Directions
Lines to return, exactly: from the line with "Y / measure M A'\<bar>" to the line with "unfolding bad_def using A A'" in the entries below, both included.

——

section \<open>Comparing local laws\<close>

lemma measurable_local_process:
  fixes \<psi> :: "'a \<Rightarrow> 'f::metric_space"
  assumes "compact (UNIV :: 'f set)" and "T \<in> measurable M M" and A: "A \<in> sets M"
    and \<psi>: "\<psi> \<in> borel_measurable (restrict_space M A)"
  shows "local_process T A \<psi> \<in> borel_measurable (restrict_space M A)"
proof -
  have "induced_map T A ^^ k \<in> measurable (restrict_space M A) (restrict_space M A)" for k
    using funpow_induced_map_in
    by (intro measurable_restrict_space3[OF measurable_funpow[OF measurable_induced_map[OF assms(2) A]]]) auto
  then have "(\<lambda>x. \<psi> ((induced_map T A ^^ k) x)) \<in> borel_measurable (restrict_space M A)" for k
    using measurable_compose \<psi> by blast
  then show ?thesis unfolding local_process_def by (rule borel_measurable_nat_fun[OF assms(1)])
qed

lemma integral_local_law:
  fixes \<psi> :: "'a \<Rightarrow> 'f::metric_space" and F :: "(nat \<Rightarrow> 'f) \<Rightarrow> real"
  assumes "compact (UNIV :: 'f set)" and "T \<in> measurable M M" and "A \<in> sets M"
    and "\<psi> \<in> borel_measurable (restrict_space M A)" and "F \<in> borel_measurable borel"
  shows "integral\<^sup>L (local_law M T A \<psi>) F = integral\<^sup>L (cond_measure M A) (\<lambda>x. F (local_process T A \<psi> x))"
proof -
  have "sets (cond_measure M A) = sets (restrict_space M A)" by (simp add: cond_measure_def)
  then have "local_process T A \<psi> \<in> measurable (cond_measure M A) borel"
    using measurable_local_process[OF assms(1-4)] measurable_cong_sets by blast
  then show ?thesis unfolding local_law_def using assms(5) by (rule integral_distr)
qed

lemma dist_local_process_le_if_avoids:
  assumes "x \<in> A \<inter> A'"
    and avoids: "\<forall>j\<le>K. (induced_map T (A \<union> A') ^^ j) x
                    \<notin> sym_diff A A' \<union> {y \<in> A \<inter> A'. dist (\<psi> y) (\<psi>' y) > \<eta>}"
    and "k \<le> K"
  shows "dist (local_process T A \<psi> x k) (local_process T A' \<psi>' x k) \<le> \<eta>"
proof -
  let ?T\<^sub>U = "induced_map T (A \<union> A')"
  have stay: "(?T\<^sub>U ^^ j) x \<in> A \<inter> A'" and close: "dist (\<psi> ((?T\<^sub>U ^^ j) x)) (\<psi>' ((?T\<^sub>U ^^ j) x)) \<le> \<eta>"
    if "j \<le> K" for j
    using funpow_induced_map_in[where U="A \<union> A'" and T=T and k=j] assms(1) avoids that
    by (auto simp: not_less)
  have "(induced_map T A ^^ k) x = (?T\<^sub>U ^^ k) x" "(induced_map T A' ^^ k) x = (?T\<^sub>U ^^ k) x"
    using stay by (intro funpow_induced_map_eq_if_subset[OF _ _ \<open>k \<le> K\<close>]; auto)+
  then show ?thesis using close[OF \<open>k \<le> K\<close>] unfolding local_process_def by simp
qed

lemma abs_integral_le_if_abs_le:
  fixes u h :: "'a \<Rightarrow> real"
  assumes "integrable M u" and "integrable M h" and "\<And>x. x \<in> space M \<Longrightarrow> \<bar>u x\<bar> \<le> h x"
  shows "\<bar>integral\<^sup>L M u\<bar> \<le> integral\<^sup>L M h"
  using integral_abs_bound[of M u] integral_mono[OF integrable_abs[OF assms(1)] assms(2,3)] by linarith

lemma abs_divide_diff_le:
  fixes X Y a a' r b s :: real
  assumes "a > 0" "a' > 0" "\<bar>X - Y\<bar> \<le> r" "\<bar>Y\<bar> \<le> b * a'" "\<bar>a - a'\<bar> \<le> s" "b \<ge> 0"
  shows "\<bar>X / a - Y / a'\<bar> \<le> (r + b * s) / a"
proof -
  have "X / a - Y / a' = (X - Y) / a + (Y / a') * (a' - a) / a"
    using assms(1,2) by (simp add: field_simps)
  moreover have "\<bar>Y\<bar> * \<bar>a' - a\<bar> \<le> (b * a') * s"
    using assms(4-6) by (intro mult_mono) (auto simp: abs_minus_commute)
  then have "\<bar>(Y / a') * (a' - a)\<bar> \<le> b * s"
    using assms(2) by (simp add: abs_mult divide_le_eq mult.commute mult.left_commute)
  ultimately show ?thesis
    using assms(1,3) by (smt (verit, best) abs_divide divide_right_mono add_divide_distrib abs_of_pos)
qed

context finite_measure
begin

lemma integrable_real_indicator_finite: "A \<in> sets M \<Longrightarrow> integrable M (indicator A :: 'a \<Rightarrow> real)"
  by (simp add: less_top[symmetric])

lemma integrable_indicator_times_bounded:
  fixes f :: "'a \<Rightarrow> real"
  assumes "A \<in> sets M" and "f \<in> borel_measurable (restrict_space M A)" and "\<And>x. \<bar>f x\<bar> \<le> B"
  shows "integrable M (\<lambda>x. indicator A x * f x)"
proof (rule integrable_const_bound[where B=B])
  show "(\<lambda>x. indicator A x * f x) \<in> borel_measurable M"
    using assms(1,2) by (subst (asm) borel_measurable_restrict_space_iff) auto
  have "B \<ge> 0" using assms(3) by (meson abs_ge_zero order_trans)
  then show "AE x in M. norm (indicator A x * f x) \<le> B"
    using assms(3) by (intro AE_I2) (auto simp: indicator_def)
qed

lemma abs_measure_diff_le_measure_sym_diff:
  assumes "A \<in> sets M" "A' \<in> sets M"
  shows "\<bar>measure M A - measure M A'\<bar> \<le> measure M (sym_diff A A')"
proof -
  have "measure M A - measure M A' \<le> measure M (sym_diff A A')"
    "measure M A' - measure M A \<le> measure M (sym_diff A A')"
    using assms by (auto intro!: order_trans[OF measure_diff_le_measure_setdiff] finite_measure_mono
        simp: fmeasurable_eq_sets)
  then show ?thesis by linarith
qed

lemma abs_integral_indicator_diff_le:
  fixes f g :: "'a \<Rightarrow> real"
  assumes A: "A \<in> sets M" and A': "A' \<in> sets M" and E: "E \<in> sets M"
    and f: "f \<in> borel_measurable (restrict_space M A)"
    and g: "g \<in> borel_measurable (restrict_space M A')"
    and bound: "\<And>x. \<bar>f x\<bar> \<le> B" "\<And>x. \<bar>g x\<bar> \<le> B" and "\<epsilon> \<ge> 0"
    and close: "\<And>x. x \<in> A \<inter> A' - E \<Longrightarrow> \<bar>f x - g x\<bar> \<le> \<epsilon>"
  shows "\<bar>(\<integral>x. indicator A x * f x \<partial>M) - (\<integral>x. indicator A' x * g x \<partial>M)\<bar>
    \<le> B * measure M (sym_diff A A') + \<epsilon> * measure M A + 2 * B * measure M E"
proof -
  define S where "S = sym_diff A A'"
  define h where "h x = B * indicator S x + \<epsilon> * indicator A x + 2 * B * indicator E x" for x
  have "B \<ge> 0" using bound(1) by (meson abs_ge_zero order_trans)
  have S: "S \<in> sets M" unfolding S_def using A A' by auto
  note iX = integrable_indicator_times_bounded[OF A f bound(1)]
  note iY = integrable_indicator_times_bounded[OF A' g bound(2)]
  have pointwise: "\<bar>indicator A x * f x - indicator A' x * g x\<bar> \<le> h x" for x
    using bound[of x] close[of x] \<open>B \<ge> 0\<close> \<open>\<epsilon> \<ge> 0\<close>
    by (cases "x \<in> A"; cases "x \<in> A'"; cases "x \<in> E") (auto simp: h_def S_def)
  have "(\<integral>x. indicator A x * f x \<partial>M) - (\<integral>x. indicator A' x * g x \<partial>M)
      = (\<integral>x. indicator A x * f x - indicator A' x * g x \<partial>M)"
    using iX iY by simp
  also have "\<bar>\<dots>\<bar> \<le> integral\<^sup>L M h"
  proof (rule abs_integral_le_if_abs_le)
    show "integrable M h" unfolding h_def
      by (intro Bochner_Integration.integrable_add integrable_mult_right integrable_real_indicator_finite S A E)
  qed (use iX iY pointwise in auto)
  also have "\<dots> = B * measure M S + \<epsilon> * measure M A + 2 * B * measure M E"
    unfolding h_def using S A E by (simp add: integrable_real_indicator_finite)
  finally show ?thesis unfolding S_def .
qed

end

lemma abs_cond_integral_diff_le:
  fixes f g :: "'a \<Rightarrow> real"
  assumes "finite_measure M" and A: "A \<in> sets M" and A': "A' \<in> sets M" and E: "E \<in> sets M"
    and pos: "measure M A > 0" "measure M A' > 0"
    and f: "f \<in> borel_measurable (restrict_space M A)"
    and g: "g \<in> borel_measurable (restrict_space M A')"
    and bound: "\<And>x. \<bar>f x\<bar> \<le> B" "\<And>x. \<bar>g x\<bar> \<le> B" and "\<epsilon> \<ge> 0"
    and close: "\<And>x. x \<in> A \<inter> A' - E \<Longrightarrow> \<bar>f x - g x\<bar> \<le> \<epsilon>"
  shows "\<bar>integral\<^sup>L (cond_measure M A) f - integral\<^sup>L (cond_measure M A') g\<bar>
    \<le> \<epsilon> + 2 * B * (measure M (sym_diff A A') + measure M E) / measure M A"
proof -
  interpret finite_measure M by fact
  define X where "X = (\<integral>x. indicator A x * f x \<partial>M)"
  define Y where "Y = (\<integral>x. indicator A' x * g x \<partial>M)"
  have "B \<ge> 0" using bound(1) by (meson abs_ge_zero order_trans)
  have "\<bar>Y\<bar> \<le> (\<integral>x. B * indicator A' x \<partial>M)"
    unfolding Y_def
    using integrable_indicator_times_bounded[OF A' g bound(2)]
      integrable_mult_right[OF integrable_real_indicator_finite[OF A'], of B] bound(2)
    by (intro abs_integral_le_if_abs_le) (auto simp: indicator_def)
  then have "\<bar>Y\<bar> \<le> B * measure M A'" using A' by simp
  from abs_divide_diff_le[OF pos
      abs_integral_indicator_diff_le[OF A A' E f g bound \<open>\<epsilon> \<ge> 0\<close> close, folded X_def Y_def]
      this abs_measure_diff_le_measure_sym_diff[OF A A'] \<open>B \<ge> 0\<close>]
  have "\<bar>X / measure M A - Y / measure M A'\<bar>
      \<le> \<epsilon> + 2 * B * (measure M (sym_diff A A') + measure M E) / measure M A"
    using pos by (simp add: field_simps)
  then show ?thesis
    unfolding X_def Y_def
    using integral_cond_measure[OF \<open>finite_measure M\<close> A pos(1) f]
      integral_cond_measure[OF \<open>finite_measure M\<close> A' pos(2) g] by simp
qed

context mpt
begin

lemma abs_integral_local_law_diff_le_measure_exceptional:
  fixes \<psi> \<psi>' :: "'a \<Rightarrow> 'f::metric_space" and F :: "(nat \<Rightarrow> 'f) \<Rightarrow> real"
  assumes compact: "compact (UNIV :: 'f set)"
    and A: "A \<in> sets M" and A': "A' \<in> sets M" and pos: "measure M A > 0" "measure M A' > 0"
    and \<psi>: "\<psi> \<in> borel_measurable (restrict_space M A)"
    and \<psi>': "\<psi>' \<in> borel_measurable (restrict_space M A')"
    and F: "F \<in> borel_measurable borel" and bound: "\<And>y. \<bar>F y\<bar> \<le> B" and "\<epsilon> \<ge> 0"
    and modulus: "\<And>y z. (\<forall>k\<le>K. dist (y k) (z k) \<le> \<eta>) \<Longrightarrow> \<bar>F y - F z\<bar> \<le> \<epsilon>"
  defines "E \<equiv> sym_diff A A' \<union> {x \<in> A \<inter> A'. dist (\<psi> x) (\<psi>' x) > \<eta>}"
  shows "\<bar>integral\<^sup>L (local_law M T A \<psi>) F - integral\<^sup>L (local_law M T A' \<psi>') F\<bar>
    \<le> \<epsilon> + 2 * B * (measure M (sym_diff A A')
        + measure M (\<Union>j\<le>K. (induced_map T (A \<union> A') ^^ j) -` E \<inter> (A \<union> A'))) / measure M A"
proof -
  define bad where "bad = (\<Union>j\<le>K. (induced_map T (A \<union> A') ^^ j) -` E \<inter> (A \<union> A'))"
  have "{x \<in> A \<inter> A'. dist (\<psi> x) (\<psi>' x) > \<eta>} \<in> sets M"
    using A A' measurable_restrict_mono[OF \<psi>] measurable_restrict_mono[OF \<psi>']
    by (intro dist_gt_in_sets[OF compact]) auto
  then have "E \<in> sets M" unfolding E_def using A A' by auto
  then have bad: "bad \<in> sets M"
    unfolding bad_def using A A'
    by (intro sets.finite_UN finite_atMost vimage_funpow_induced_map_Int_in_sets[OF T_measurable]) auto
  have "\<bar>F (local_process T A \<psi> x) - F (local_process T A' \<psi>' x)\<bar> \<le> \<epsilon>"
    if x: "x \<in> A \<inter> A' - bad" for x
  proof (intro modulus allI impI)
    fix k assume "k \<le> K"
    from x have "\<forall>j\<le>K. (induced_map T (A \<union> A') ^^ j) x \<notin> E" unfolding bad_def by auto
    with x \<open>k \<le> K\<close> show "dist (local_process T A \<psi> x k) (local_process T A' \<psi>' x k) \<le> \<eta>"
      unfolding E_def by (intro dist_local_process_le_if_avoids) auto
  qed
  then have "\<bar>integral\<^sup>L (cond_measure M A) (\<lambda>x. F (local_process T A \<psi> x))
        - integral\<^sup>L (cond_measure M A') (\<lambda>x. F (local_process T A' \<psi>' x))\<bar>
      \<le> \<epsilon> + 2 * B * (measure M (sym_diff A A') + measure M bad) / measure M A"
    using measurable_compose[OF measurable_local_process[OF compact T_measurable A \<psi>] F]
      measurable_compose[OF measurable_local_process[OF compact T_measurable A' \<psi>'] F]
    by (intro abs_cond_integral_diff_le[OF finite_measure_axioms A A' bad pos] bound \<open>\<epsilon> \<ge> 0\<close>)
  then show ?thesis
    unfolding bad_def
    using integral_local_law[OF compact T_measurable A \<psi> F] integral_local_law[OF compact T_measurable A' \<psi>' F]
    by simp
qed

——

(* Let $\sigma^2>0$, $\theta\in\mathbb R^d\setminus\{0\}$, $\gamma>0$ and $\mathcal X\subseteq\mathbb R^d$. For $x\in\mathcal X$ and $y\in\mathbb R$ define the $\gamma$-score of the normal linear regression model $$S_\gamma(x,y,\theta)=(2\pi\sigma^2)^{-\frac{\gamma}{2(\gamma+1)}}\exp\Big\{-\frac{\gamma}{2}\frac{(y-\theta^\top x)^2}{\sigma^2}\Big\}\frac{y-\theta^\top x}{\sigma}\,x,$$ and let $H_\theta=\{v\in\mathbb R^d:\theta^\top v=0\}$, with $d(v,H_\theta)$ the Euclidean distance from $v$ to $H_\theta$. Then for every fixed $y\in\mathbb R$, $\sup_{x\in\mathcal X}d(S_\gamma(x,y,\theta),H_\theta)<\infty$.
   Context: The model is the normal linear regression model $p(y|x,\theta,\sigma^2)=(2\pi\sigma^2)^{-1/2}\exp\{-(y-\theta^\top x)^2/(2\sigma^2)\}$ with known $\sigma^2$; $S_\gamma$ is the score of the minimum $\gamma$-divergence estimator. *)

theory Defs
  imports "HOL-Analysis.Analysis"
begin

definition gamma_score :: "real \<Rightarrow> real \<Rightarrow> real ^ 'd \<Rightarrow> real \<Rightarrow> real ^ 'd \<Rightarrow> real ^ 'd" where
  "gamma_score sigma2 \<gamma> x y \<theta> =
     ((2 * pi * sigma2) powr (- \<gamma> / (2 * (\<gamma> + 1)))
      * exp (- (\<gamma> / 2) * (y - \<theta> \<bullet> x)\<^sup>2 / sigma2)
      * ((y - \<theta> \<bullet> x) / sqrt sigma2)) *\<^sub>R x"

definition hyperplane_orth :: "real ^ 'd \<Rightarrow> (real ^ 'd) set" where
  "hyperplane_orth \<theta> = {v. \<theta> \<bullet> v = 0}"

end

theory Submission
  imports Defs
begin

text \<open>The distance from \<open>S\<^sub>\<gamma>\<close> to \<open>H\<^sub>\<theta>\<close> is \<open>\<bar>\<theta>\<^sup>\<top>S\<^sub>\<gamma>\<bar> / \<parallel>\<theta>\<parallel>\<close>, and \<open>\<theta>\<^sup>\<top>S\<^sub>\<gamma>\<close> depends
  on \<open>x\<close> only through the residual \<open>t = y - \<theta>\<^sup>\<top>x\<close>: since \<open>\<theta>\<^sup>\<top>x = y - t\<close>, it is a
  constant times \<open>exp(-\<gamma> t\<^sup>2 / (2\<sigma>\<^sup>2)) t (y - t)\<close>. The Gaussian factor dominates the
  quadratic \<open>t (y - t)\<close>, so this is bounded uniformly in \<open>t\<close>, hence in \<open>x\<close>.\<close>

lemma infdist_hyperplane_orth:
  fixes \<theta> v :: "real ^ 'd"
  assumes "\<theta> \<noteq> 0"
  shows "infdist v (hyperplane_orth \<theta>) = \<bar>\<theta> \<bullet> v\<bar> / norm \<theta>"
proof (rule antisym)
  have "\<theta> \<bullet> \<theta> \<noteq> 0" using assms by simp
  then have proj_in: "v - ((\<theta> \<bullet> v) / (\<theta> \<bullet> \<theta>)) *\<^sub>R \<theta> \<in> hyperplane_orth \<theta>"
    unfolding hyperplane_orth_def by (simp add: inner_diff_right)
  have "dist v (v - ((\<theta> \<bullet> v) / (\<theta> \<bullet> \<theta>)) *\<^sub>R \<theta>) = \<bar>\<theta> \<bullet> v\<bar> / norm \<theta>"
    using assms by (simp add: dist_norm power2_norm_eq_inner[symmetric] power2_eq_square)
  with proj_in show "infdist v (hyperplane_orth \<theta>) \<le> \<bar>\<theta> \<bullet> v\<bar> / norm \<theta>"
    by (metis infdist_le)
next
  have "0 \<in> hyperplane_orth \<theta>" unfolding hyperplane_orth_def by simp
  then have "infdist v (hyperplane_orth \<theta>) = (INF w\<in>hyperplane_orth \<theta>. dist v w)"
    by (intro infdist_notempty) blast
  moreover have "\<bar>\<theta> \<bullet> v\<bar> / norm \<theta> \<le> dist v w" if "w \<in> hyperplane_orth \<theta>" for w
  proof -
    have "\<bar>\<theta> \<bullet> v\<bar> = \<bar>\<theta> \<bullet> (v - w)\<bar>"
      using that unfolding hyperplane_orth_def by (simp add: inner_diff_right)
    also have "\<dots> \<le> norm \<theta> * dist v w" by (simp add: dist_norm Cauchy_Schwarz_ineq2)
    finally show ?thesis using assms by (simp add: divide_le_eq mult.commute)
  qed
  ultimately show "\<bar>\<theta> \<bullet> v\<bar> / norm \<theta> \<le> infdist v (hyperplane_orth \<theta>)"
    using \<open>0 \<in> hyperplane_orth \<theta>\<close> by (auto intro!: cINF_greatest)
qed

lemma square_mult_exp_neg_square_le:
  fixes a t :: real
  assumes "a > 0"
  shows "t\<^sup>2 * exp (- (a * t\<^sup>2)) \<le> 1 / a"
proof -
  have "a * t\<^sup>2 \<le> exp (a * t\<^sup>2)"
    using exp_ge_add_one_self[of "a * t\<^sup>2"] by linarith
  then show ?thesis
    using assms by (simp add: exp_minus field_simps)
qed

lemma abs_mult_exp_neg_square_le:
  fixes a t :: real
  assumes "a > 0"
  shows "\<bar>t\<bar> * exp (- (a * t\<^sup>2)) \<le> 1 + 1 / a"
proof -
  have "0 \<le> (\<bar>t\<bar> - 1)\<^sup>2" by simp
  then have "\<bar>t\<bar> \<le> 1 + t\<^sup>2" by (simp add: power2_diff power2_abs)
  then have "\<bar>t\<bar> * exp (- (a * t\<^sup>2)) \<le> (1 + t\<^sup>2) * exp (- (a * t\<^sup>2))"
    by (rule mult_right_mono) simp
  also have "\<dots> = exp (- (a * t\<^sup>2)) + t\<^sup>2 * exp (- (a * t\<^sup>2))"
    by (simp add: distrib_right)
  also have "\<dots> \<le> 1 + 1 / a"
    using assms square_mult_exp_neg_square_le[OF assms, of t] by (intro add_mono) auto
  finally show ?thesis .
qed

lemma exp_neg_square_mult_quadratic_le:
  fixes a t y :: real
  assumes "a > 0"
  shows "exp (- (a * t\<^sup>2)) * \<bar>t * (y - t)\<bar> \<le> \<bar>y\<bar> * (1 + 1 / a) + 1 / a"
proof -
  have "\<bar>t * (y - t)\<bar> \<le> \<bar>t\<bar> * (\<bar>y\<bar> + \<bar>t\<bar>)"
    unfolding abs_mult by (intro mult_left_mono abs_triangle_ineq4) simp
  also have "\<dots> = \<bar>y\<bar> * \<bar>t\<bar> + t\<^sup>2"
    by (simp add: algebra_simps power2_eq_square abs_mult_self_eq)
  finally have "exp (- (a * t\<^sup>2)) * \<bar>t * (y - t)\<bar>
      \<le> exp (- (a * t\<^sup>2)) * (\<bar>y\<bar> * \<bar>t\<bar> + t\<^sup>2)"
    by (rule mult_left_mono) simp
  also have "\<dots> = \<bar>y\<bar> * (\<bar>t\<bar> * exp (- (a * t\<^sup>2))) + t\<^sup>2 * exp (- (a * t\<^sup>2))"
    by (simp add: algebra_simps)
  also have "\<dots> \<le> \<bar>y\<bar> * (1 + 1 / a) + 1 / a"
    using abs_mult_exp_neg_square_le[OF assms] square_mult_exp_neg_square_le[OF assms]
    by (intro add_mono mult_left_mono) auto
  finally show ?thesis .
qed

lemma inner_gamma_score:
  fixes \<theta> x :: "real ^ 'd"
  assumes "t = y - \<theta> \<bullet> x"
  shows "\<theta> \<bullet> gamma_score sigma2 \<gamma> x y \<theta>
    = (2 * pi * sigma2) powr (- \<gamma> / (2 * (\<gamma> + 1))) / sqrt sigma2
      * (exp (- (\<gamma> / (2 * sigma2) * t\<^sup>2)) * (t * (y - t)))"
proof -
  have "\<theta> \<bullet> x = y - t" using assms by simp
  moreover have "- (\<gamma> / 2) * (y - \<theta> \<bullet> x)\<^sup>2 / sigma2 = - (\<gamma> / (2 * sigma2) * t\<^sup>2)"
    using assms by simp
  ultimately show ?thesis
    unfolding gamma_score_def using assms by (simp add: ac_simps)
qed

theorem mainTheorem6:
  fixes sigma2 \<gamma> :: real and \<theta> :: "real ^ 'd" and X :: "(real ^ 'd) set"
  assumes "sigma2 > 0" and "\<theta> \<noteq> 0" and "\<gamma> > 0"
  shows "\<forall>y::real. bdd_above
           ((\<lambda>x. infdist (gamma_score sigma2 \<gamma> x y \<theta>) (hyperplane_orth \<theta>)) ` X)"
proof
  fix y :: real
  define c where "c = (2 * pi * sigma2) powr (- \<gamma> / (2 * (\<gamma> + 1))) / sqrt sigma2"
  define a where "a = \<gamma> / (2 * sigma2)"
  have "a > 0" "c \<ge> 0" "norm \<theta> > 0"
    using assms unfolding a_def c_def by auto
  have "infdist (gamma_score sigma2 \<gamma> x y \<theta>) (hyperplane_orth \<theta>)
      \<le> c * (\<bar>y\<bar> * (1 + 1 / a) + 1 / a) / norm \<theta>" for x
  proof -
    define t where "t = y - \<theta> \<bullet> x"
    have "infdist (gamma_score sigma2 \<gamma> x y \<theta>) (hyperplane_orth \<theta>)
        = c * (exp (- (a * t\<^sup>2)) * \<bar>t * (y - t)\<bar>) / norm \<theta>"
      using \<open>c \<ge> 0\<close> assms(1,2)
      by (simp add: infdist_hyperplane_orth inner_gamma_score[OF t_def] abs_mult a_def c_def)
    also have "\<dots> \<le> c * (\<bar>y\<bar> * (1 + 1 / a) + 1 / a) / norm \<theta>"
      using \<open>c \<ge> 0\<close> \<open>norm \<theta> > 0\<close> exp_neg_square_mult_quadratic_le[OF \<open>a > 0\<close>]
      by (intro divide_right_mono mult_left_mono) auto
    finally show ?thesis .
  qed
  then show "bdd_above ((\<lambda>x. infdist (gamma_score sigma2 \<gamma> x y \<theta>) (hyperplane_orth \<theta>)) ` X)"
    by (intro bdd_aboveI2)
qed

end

——

Result of this task
  have "\<bar>X / measure M A - Y / measure M A'\<bar>
      \<le> \<epsilon> + 2 * B * (measure M (sym_diff A A') + measure M E) / measure M A"
    using pos by (simp add: field_simps)
  then show ?thesis
    unfolding X_def Y_def
    using integral_cond_measure[OF \<open>finite_measure M\<close> A pos(1) f]
      integral_cond_measure[OF \<open>finite_measure M\<close> A' pos(2) g] by simp
qed

context mpt
begin

lemma abs_integral_local_law_diff_le_measure_exceptional:
  fixes \<psi> \<psi>' :: "'a \<Rightarrow> 'f::metric_space" and F :: "(nat \<Rightarrow> 'f) \<Rightarrow> real"
  assumes compact: "compact (UNIV :: 'f set)"
    and A: "A \<in> sets M" and A': "A' \<in> sets M" and pos: "measure M A > 0" "measure M A' > 0"
    and \<psi>: "\<psi> \<in> borel_measurable (restrict_space M A)"
    and \<psi>': "\<psi>' \<in> borel_measurable (restrict_space M A')"
    and F: "F \<in> borel_measurable borel" and bound: "\<And>y. \<bar>F y\<bar> \<le> B" and "\<epsilon> \<ge> 0"
    and modulus: "\<And>y z. (\<forall>k\<le>K. dist (y k) (z k) \<le> \<eta>) \<Longrightarrow> \<bar>F y - F z\<bar> \<le> \<epsilon>"
  defines "E \<equiv> sym_diff A A' \<union> {x \<in> A \<inter> A'. dist (\<psi> x) (\<psi>' x) > \<eta>}"
  shows "\<bar>integral\<^sup>L (local_law M T A \<psi>) F - integral\<^sup>L (local_law M T A' \<psi>') F\<bar>
    \<le> \<epsilon> + 2 * B * (measure M (sym_diff A A')
        + measure M (\<Union>j\<le>K. (induced_map T (A \<union> A') ^^ j) -` E \<inter> (A \<union> A'))) / measure M A"
proof -
  define bad where "bad = (\<Union>j\<le>K. (induced_map T (A \<union> A') ^^ j) -` E \<inter> (A \<union> A'))"
  have "{x \<in> A \<inter> A'. dist (\<psi> x) (\<psi>' x) > \<eta>} \<in> sets M"
    using A A' measurable_restrict_mono[OF \<psi>] measurable_restrict_mono[OF \<psi>']
    by (intro dist_gt_in_sets[OF compact]) auto
  then have "E \<in> sets M" unfolding E_def using A A' by auto
  then have bad: "bad \<in> sets M"
    unfolding bad_def using A A'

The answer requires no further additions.